++++ Data for processing

(* Let $X,Y\subseteq\{a,b\}^*$ be disjoint finite sets of words with $1\le|X|\le|Y|$. Then there is a $2^{|X|}$-state MCQFA (with complex amplitudes) that accepts every word of $X$ with probability $0$ and every word of $Y$ with nonzero probability; i.e. $X$ and $Y$ are separated by a nondeterministic MCQFA with $2^{|X|}$ states.
   Context: An $n$-state Moore–Crutchfield quantum finite automaton (MCQFA) over a finite alphabet $\Sigma$ consists of a unitary matrix $U_\sigma\in\mathbb{C}^{n\times n}$ for each $\sigma\in\Sigma$, an initial unit vector $|u_0\rangle\in\mathbb{C}^n$ and a set of accepting basis states; on input $w=w_1\cdots w_k$ the final state is $U_{w_k}\cdots U_{w_1}|u_0\rangle$ and the acceptance probability is the sum of the squared moduli of its accepting coordinates. Disjoint sets $X,Y$ are separated by a nondeterministic MCQFA if every word of one set is accepted with nonzero probability and every word of the other with probability $0$. *)

theory Defs
  imports Complex_Main "Jordan_Normal_Form.Matrix"
begin

datatype sym = a | b

definition adjoint_mat :: "complex mat \<Rightarrow> complex mat" where
  "adjoint_mat U = transpose_mat (map_mat cnj U)"

definition unitary_mat :: "nat \<Rightarrow> complex mat \<Rightarrow> bool" where
  "unitary_mat n U \<longleftrightarrow> U \<in> carrier_mat n n \<and> adjoint_mat U * U = 1\<^sub>m n"

definition mcqfa_state :: "(sym \<Rightarrow> complex mat) \<Rightarrow> complex vec \<Rightarrow> sym list \<Rightarrow> complex vec" where
  "mcqfa_state U u0 w = foldl (\<lambda>v \<sigma>. U \<sigma> *\<^sub>v v) u0 w"

definition acc_prob :: "(sym \<Rightarrow> complex mat) \<Rightarrow> complex vec \<Rightarrow> nat set \<Rightarrow> sym list \<Rightarrow> real" where
  "acc_prob U u0 F w = (\<Sum>i\<in>F. (cmod (mcqfa_state U u0 w $ i))\<^sup>2)"

definition is_mcqfa :: "nat \<Rightarrow> (sym \<Rightarrow> complex mat) \<Rightarrow> complex vec \<Rightarrow> nat set \<Rightarrow> bool" where
  "is_mcqfa n U u0 F \<longleftrightarrow> (\<forall>\<sigma>. unitary_mat n (U \<sigma>)) \<and> u0 \<in> carrier_vec n
     \<and> (\<Sum>i<n. (cmod (u0 $ i))\<^sup>2) = 1 \<and> F \<subseteq> {..<n}"

end

theory Submission
  imports Defs "HOL-Computational_Algebra.Polynomial"
begin

text \<open>For every x in X there is a 2-state automaton that gives x amplitude 0 in its accepting
state and every y in Y a nonzero amplitude; the tensor product of these |X| automata has
2^|X| states, and its accepting amplitude is the product of the component amplitudes.

The 2-state automata use the Pythagorean matrices (1/5)[[3,4],[4,-3]] and (1/5)[[3,-4],[4,3]],
multiplied on the right by diag(1,z) with |z| = 1. The accepting row of the matrix of a word w
then consists of polynomials in z, and choosing the initial vector orthogonal to the row of x
makes the amplitude of y a 2x2 determinant D(y,x)(z). A common first letter contributes the
factor z * det, and after stripping the common prefix the coefficient of z in D(y,x) is visibly
nonzero, so D(y,x) is a nonzero polynomial for y \<noteq> x. Any z on the unit circle avoiding
the finitely many roots works.\<close>

text \<open>2-state automata are given by bool-indexed matrices and vectors; False is the accepting state.\<close>
definition unitary2 :: "(bool \<Rightarrow> bool \<Rightarrow> complex) \<Rightarrow> bool" where
  "unitary2 M \<longleftrightarrow> (\<forall>d d'. cnj (M False d) * M False d' + cnj (M True d) * M True d'
                        = (if d = d' then 1 else 0))"

definition unit2 :: "(bool \<Rightarrow> complex) \<Rightarrow> bool" where
  "unit2 v \<longleftrightarrow> (cmod (v False))\<^sup>2 + (cmod (v True))\<^sup>2 = 1"

definition step2 :: "(bool \<Rightarrow> bool \<Rightarrow> complex) \<Rightarrow> (bool \<Rightarrow> complex) \<Rightarrow> bool \<Rightarrow> complex" where
  "step2 M v i = M i False * v False + M i True * v True"

definition run2 :: "(sym \<Rightarrow> bool \<Rightarrow> bool \<Rightarrow> complex) \<Rightarrow> (bool \<Rightarrow> complex) \<Rightarrow> sym list \<Rightarrow> bool \<Rightarrow> complex" where
  "run2 A v w = foldl (\<lambda>u s. step2 (A s) u) v w"

text \<open>Row False of the product A(w_k) \<dots> A(w_1).\<close>
fun first_row :: "(sym \<Rightarrow> bool \<Rightarrow> bool \<Rightarrow> complex) \<Rightarrow> sym list \<Rightarrow> bool \<Rightarrow> complex" where
  "first_row A [] j = (if j then 0 else 1)"
| "first_row A (s # w) j = first_row A w False * A s False j + first_row A w True * A s True j"

lemma run2_False:
  "run2 A v w False = first_row A w False * v False + first_row A w True * v True"
proof (induction w arbitrary: v)
  case Nil
  then show ?case by (simp add: run2_def)
next
  case (Cons s w)
  then show ?case by (simp add: run2_def step2_def algebra_simps)
qed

++++++++

• **Exercise brief**:
Above are the entries. Copy exactly the part that opens with the line containing "complex) \<Rightarrow> bool \<Rightarrow>" and closes with the line containing "then 0 else", and no more.

• **Reply**:
definition step2 :: "(bool \<Rightarrow> bool \<Rightarrow> complex) \<Rightarrow> (bool \<Rightarrow> complex) \<Rightarrow> bool \<Rightarrow> complex" where
  "step2 M v i = M i False * v False + M i True * v True"

definition run2 :: "(sym \<Rightarrow> bool \<Rightarrow> bool \<Rightarrow> complex) \<Rightarrow> (bool \<Rightarrow> complex) \<Rightarrow> sym list \<Rightarrow> bool \<Rightarrow> complex" where
  "run2 A v w = foldl (\<lambda>u s. step2 (A s) u) v w"

text \<open>Row False of the product A(w_k) \<dots> A(w_1).\<close>
fun first_row :: "(sym \<Rightarrow> bool \<Rightarrow> bool \<Rightarrow> complex) \<Rightarrow> sym list \<Rightarrow> bool \<Rightarrow> complex" where
  "first_row A [] j = (if j then 0 else 1)"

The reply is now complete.